Technology

Web in Travel: Klook laying the ground work for global growth

Posted by Lee Hayhurst on
Web in Travel: Klook laying the ground work for global growth

For Klook, the fast-growing tours and activities app growth beyond its South East Asian home is all about how it can offer users the most relevant product and best experiences possible.

Having achieved a valuation of $1 billion after raising $425 million in Series D funding, including $250 million from Softbank’s Vision Fund, the brand has plenty of people betting big on its future.

Speaking to Travolution at last week’s Web in Travel conference in Singapore, chief commercial officer Wilfred Fan, says growth is being driven by an offline ‘boots on the ground’ approach.

Hong Kong-based Klook employs over 100 people sourcing product in what is travel’s one remaining unaggregated market consisting of hundreds of thousands of local businesses providing experiences.

“This is a very human touch business,” says Fan, “doing things by email does not really cut it. We go to the source, to the people managing the tour guides. We don’t want to go through an aggregator.”

Since being founded in 2014, Klook has built its business offering product to outbound Chinese travellers but as its reach in destination markets grows it can start targeting the outbound market.

In countries where it Klook is heavily embedded the app aims to a provide seamless in-destination experience for its users whether they are booking a train journey or tickets for a theme park.

“Our ambition is really when someone thinks about travel, they come to us as a platform,” says Fan “We are constantly offering more and more services to see what’s important for our customers.”

An example of new product areas Klook has moved in to is restaurant table bookings which were added last year in select markets.

“Feedback has been really positive. Transaction growth has been impressive,” claims Fan.

Infrequent bookings for product like theme parks and tours are important, but it is by offering higher frequency sectors, like transport and dining, that Klook will become an essential brand for its users.

So, what is Klook’s main challenge when trying to find growth in new markets?

“Typically, it’s finding the right talent in each of the markets,” says Fan. “That’s the hard part in places like Cambodia that are emerging.

“We believe in local talent, but the talent pool in some markets is limited. We still need someone to be able to communicate in English to a certain fluency.

“And we need a certain understanding of ecommerce.
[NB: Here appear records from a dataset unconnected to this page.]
(* For $n\geq1$ let $\ell_n=\sqrt[n]{n!}$. Then, as $n\to\infty$, $$\frac{\ell_{n+2}}{\ell_{n+1}}+\frac{\ell_n}{\ell_{n+1}}=2-\frac{1}{2n^3}+o\Big(\frac1{n^3}\Big).$$ In particular, the sequence $a_n=\ell_{n+1}-\ell_n$ is eventually strictly decreasing. *)

theory Defs
  imports Complex_Main "HOL-Library.Landau_Symbols"
begin

definition ell :: "nat \<Rightarrow> real" where
  "ell n = root n (fact n)"

end

theory Submission
  imports Defs "HOL-Real_Asymp.Real_Asymp"
begin

text \<open>
  Write \<open>ln (m!) = m ln m - m + \<delta>\<^sub>m\<close>; the Stirling defect \<open>\<delta>\<^sub>m\<close> is only known to lie in
  \<open>[1, (m+1) ln (m+1) - m ln m]\<close>, i.e. it is \<open>O(ln m)\<close>. Since \<open>ln (ell n) = ln (n!) / n\<close>, the two ratios are
  exactly \<open>exp (a - \<delta> p)\<close> and \<open>exp (b + \<delta> q)\<close> with explicit \<open>a, b\<close> and \<open>p, q \<sim> 1/n\<^sup>2\<close>.
  Linearising in \<open>\<delta>\<close>, the defect enters through \<open>\<delta> (q e\<^sup>b - p e\<^sup>a)\<close>, where the \<open>1/n\<^sup>3\<close> terms cancel,
  so it only contributes \<open>O(ln n / n\<^sup>4)\<close>; the explicit part \<open>e\<^sup>a + e\<^sup>b\<close> expands to \<open>2 - 1/(2n\<^sup>3) + O(1/n\<^sup>4)\<close>.
  As the sum of the ratios is then eventually below 2, \<open>ell (n+2) + ell n < 2 ell (n+1)\<close>.
\<close>

lemma abs_exp_minus_1_minus_le_square:
  fixes x :: real
  assumes "\<bar>x\<bar> \<le> 1"
  shows "\<bar>exp x - 1 - x\<bar> \<le> x\<^sup>2"
proof -
  have "exp x \<le> 1 + x + x\<^sup>2"
  proof (cases "x \<ge> 0")
    case True
    then show ?thesis using exp_bound assms by simp
  next
    case False
    have pos: "0 < 1 + x + x\<^sup>2"
      using False assms by (simp add: abs_le_iff add_nonneg_pos)
    have "(1 - x) * (1 + x + x\<^sup>2) = 1 + (-x) * x\<^sup>2"
      by (simp add: algebra_simps power2_eq_square)
    also have "1 \<le> \<dots>"
      using False by (simp add: mult_nonpos_nonneg)
    finally have "1 \<le> (1 - x) * (1 + x + x\<^sup>2)" .
    also have "\<dots> \<le> exp (-x) * (1 + x + x\<^sup>2)"
      using exp_ge_add_one_self[of "-x"] pos by (intro mult_right_mono) auto
    finally show ?thesis
      by (simp add: exp_minus divide_simps)
  qed
  then show ?thesis
    using exp_ge_add_one_self[of x] zero_le_power2[of x] unfolding abs_le_iff by linarith
qed

lemma ln_one_plus_inverse_bounds:
  fixes x :: real
  assumes "0 < x"
  shows "1 / (x + 1) \<le> ln (1 + 1 / x)" and "ln (1 + 1 / x) \<le> 1 / x"
proof -
  have "ln (x / (x + 1)) \<le> x / (x + 1) - 1"
    using assms by (intro ln_le_minus_one) simp
  moreover have "ln (x / (x + 1)) = - ln (1 + 1 / x)"
    using assms by (simp add: ln_div field_simps)
  moreover have "x / (x + 1) - 1 = - (1 / (x + 1))"
    using assms by (simp add: field_simps)
  ultimately show "1 / (x + 1) \<le> ln (1 + 1 / x)" by linarith
  show "ln (1 + 1 / x) \<le> 1 / x"
    using assms by (intro ln_add_one_self_le_self) simp
qed

lemma ln_one_plus_inverse_eq:
  fixes x :: real
  assumes "0 < x"
  shows "ln (1 + 1 / x) = ln (x + 1) - ln x"
proof -
  have "1 + 1 / x = (x + 1) / x"
    using assms by (simp add: field_simps)
  then show ?thesis
    using assms by (simp add: ln_div)
qed

lemma ln_fact_Suc: "ln (fact (Suc m) :: real) = ln (real m + 1) + ln (fact m)"
  by (simp add: ln_mult add.commute)

lemma ln_fact_bounds:
  assumes "1 \<le> m"
  shows "real m * ln (real m) - real m + 1 \<le> ln (fact m)
           \<and> ln (fact m) \<le> (real m + 1) * ln (real m + 1) - real m"
  using assms
proof (induction m rule: dec_induct)
  case base
  have "1 / 2 \<le> ln (2 :: real)"
    using exp_half_le2 ln_ge_iff[of 2 "1 / 2"] by simp
  then show ?case by simp
next
  case (step m)
  have m: "0 < real m" using step.hyps by simp
  have "ln (real m + 1) - ln (real m) \<le> 1 / real m"
    using ln_one_plus_inverse_bounds(2)[OF m] ln_one_plus_inverse_eq[OF m] by simp
  then have lower: "real m * (ln (real m + 1) - ln (real m)) \<le> 1"
    using m by (simp add: field_simps)
  have "1 / (real m + 2) \<le> ln (real m + 2) - ln (real m + 1)"
    using ln_one_plus_inverse_bounds(1)[of "real m + 1"] ln_one_plus_inverse_eq[of "real m + 1"] m
    by (simp add: add.assoc)
  then have upper: "1 \<le> (real m + 2) * (ln (real m + 2) - ln (real m + 1))"
    using m by (simp add: field_simps)
  show ?case
    using step.IH lower upper ln_fact_Suc[of m] by (simp del: fact_Suc add: algebra_simps)
qed

definition stirling_defect :: "nat \<Rightarrow> real" where
  "stirling_defect m = ln (fact m) - (real m * ln (real m) - real m)"

lemma stirling_defect_bounds:
  assumes "1 \<le> m"
  shows "1 \<le> stirling_defect m \<and> stirling_defect m \<le> (real m + 1) * ln (real m + 1) - real m * ln (real m)"
  using ln_fact_bounds[OF assms] unfolding stirling_defect_def by (simp add: algebra_simps)

lemma ell_eq_exp_ln_fact:
  assumes "0 < n"
  shows "ell n = exp (ln (fact n) / real n)"
  using assms unfolding ell_def by (simp add: root_powr_inverse powr_def)

lemma ell_pos: "0 < n \<Longrightarrow> 0 < ell n"
  unfolding ell_def by simp

lemma ell_Suc_div_ell:
  assumes "1 \<le> m"
  shows "ell (Suc m) / ell m
           = exp ((ln (1 + 1 / real m) + 1) / (real m + 1) - stirling_defect m / (real m * (real m + 1)))"
proof -
  have m: "0 < real m" using assms by simp
  have "ell (Suc m) / ell m = exp (ln (fact (Suc m)) / (real m + 1) - ln (fact m) / real m)"
    using assms by (simp add: ell_eq_exp_ln_fact exp_diff add.commute)
  also have "ln (fact (Suc m)) / (real m + 1) - ln (fact m) / real m
           = (ln (1 + 1 / real m) + 1) / (real m + 1) - stirling_defect m / (real m * (real m + 1))"
    using m unfolding ln_fact_Suc ln_one_plus_inverse_eq[OF m] stirling_defect_def
    by (simp add: divide_simps) (simp add: algebra_simps)
  finally show ?thesis .
qed

lemma ell_div_ell_Suc:
  assumes "1 \<le> m"
  shows "ell m / ell (Suc m) = exp (- 1 / real m + stirling_defect (Suc m) / (real m * (real m + 1)))"
proof -
  have m: "0 < real m" using assms by simp
  have "ell m / ell (Suc m) = exp (ln (fact m) / real m - ln (fact (Suc m)) / (real m + 1))"
    using assms by (simp add: ell_eq_exp_ln_fact exp_diff add.commute)
  also have "ln (fact m) / real m - ln (fact (Suc m)) / (real m + 1)
           = - 1 / real m + stirling_defect (Suc m) / (real m * (real m + 1))"
    using m unfolding ln_fact_Suc stirling_defect_def
    by (simp add: divide_simps) (simp add: algebra_simps)
  finally show ?thesis .
qed

lemma exp_perturbation_bound:
  fixes a b d D p q :: real
  assumes "0 \<le> p" "p \<le> q" "0 \<le> d" "d \<le> D" "D * q \<le> 1"
  shows "\<bar>exp (a - d * p) + exp (b + d * q) - (exp a + exp b)\<bar>
           \<le> D * \<bar>q * exp b - p * exp a\<bar> + exp a * (D * p)\<^sup>2 + exp b * (D * q)\<^sup>2"
proof -
  have dp: "0 \<le> d * p" "d * p \<le> 1" and dq: "0 \<le> d * q" "d * q \<le> 1"
    using assms mult_mono[of d D p q] mult_right_mono[of d D q] by auto
  have "\<bar>exp (- (d * p)) - 1 - - (d * p)\<bar> \<le> (d * p)\<^sup>2"
    using abs_exp_minus_1_minus_le_square[of "- (d * p)"] dp by simp
  also have "\<dots> \<le> (D * p)\<^sup>2"
    using assms by (intro power_mono mult_right_mono) auto
  finally have rem_p: "\<bar>exp (- (d * p)) - 1 - - (d * p)\<bar> \<le> (D * p)\<^sup>2" .
  have "\<bar>exp (d * q) - 1 - d * q\<bar> \<le> (d * q)\<^sup>2"
    using dq by (intro abs_exp_minus_1_minus_le_square) simp
  also have "\<dots> \<le> (D * q)\<^sup>2"
    using assms by (intro power_mono mult_right_mono) auto
  finally have rem_q: "\<bar>exp (d * q) - 1 - d * q\<bar> \<le> (D * q)\<^sup>2" .
  have "exp (a - d * p) + exp (b + d * q) - (exp a + exp b)
      = d * (q * exp b - p * exp a) + exp a * (exp (- (d * p)) - 1 - - (d * p))
        + exp b * (exp (d * q) - 1 - d * q)"
    by (simp add: mult_exp_exp algebra_simps)
  also have "\<bar>\<dots>\<bar> \<le> \<bar>d * (q * exp b - p * exp a)\<bar> + \<bar>exp a * (exp (- (d * p)) - 1 - - (d * p))\<bar>
        + \<bar>exp b * (exp (d * q) - 1 - d * q)\<bar>"
    by arith
  also have "\<dots> = d * \<bar>q * exp b - p * exp a\<bar> + exp a * \<bar>exp (- (d * p)) - 1 - - (d * p)\<bar>
        + exp b * \<bar>exp (d * q) - 1 - d * q\<bar>"
    using assms by (simp add: abs_mult)
  also have "\<dots> \<le> D * \<bar>q * exp b - p * exp a\<bar> + exp a * (D * p)\<^sup>2 + exp b * (D * q)\<^sup>2"
    using assms rem_p rem_q by (intro add_mono mult_mono) auto
  finally show ?thesis .
qed

lemma ell_ratio_sum_expansion:
  "(\<lambda>n. ell (n + 2) / ell (n + 1) + ell n / ell (n + 1) - (2 - 1 / (2 * real n ^ 3)))
     \<in> o(\<lambda>n. 1 / real n ^ 3)"
proof -
  define a where "a n = (ln (1 + 1 / (real n + 1)) + 1) / (real n + 2)" for n
  define b where "b n = - 1 / real n" for n
  define p where "p n = 1 / ((real n + 1) * (real n + 2))" for n
  define q where "q n = 1 / (real n * (real n + 1))" for n
  define D where "D n = (real n + 2) * ln (real n + 2) - (real n + 1) * ln (real n + 1)" for n
  define E where "E n = ell (n + 2) / ell (n + 1) + ell n / ell (n + 1)" for n
  define M where "M n = exp (a n) + exp (b n)" for n
  define B where "B n = D n * \<bar>q n * exp (b n) - p n * exp (a n)\<bar>
                          + exp (a n) * (D n * p n)\<^sup>2 + exp (b n) * (D n * q n)\<^sup>2" for n
  have "eventually (\<lambda>n. D n * q n \<le> 1) at_top"
    unfolding D_def q_def by real_asymp
  then have "eventually (\<lambda>n. norm (E n - M n) \<le> 1 * norm (B n)) at_top"
    using eventually_ge_at_top[of 1]
  proof eventually_elim
    case (elim n)
    define d where "d = stirling_defect (n + 1)"
    have E_exp: "E n = exp (a n - d * p n) + exp (b n + d * q n)"
      using ell_Suc_div_ell[of "n + 1"] ell_div_ell_Suc[of n] elim(2)
      unfolding E_def a_def b_def p_def q_def d_def by (simp add: add_ac)
    have d: "0 \<le> d" "d \<le> D n"
      using stirling_defect_bounds[of "n + 1"] unfolding d_def D_def by (simp_all add: add_ac)
    have "0 \<le> p n" "p n \<le> q n"
      using elim(2) unfolding p_def q_def by (auto intro!: divide_left_mono mult_mono mult_pos_pos)
    then have "\<bar>E n - (exp (a n) + exp (b n))\<bar> \<le> B n"
      unfolding E_exp B_def using d elim(1) by (intro exp_perturbation_bound) auto
    then show ?case by (simp add: M_def)
  qed
  then have "(\<lambda>n. E n - M n) \<in> o(\<lambda>n. 1 / real n ^ 3)"
  proof (rule landau_o.big_small_trans[OF bigoI])
    show "B \<in> o(\<lambda>n. 1 / real n ^ 3)"
      unfolding B_def a_def b_def p_def q_def D_def by real_asymp
  qed
  moreover have "(\<lambda>n. M n - (2 - 1 / (2 * real n ^ 3))) \<in> o(\<lambda>n. 1 / real n ^ 3)"
    unfolding M_def a_def b_def by real_asymp
  ultimately have "(\<lambda>n. (E n - M n) + (M n - (2 - 1 / (2 * real n ^ 3)))) \<in> o(\<lambda>n. 1 / real n ^ 3)"
    by (rule sum_in_smallo)
  then show ?thesis
    by (simp add: E_def algebra_simps)
qed

lemma eventually_less_of_smallo_expansion:
  fixes f g :: "'a \<Rightarrow> real"
  assumes "(\<lambda>x. f x - (c - k * g x)) \<in> o[F](g)" and "0 < k" and "eventually (\<lambda>x. 0 < g x) F"
  shows "eventually (\<lambda>x. f x < c) F"
proof -
  have "eventually (\<lambda>x. norm (f x - (c - k * g x)) \<le> k / 2 * norm (g x)) F"
    by (rule landau_o.smallD[OF assms(1)]) (use assms(2) in simp)
  with assms(3) show ?thesis
  proof eventually_elim
    case (elim x)
    have "0 < k * g x" using assms(2) elim(1) by simp
    with elim show ?case unfolding real_norm_def by arith
  qed
qed

theorem mainTheorem5:
  shows "(\<lambda>n::nat. ell (n + 2) / ell (n + 1) + ell n / ell (n + 1)
            - (2 - 1 / (2 * real n ^ 3)))
           \<in> o[at_top](\<lambda>n. 1 / real n ^ 3)
       \<and> (\<forall>\<^sub>F n in at_top. ell (n + 2) - ell (n + 1) < ell (n + 1) - ell n)"
proof
  have "eventually (\<lambda>n. ell (n + 2) / ell (n + 1) + ell n / ell (n + 1) < 2) at_top"
  proof (rule eventually_less_of_smallo_expansion[where k = "1 / 2" and g = "\<lambda>n. 1 / real n ^ 3"])
    show "(\<lambda>n. ell (n + 2) / ell (n + 1) + ell n / ell (n + 1) - (2 - 1 / 2 * (1 / real n ^ 3)))
            \<in> o(\<lambda>n. 1 / real n ^ 3)"
      using ell_ratio_sum_expansion by simp
    show "eventually (\<lambda>n. 0 < 1 / real n ^ 3) at_top"
      by real_asymp
  qed simp
  then show "\<forall>\<^sub>F n in at_top. ell (n + 2) - ell (n + 1) < ell (n + 1) - ell n"
  proof eventually_elim
    case (elim n)
    then show ?case using ell_pos[of "n + 1"] by (simp add: field_simps)
  qed
qed (fact ell_ratio_sum_expansion)

end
That’s very hard to find in some developing markets.”

Klook hasn’t attracted the sort of investment, and accompanying digital unicorn status, it has by having the ambition to be the tours and activities category leader just in APAC.

With a large part of Asia covered on both the supply and demand sides, it announced its arrival in the European market last year with its first appearance at World Travel Market in London.

Fan said the UK is a key B-C market it believes it can target, not just from an inbound perspective but also outbound and it is working on ensuring it has the right product range available.

Asked when the UK consumers can expect to see a concerted push of the Klook brand, Fan said: “It really depends on when our product and service level is up there.

“UK consumers are not very forgiving. Once you do not deliver on what you promise you are out. With social media negative feedback spreads quickly.”

Fan said Klook is working on securing product in core outbound markets like Spain, Portugal and Turkey. It is getting “some traction” in the first two, but there remains work to do in Turkey.

Klook needs to have “reasonable coverage” and also to ensure that supply is instantly confirmable online and in the app, says Fan.

Currently, 90% of Klook’s product is instantly confirmable but it aims ultimately to get that up to 100%.

In non-core markets where Klook is unlikely to establish a presence for some time, it has a B2B strategy with a business development team pushing distribution through API connectivity.

Fan said the tours and activities sector is still “in its infancy” with the value of the online sector globally accounting for only around 4% of the total.

“There is a long way to go,” says Fan. “We have a pretty big team on the ground and all they are doing is talking to, emailing and faxing operators to confirm transactions.

“You have all these mom and pop tour guides doing everything they can with limited resources, we just have to bridge the gap.

“We have the economies of scale to service them and they get customer from around the world from us.”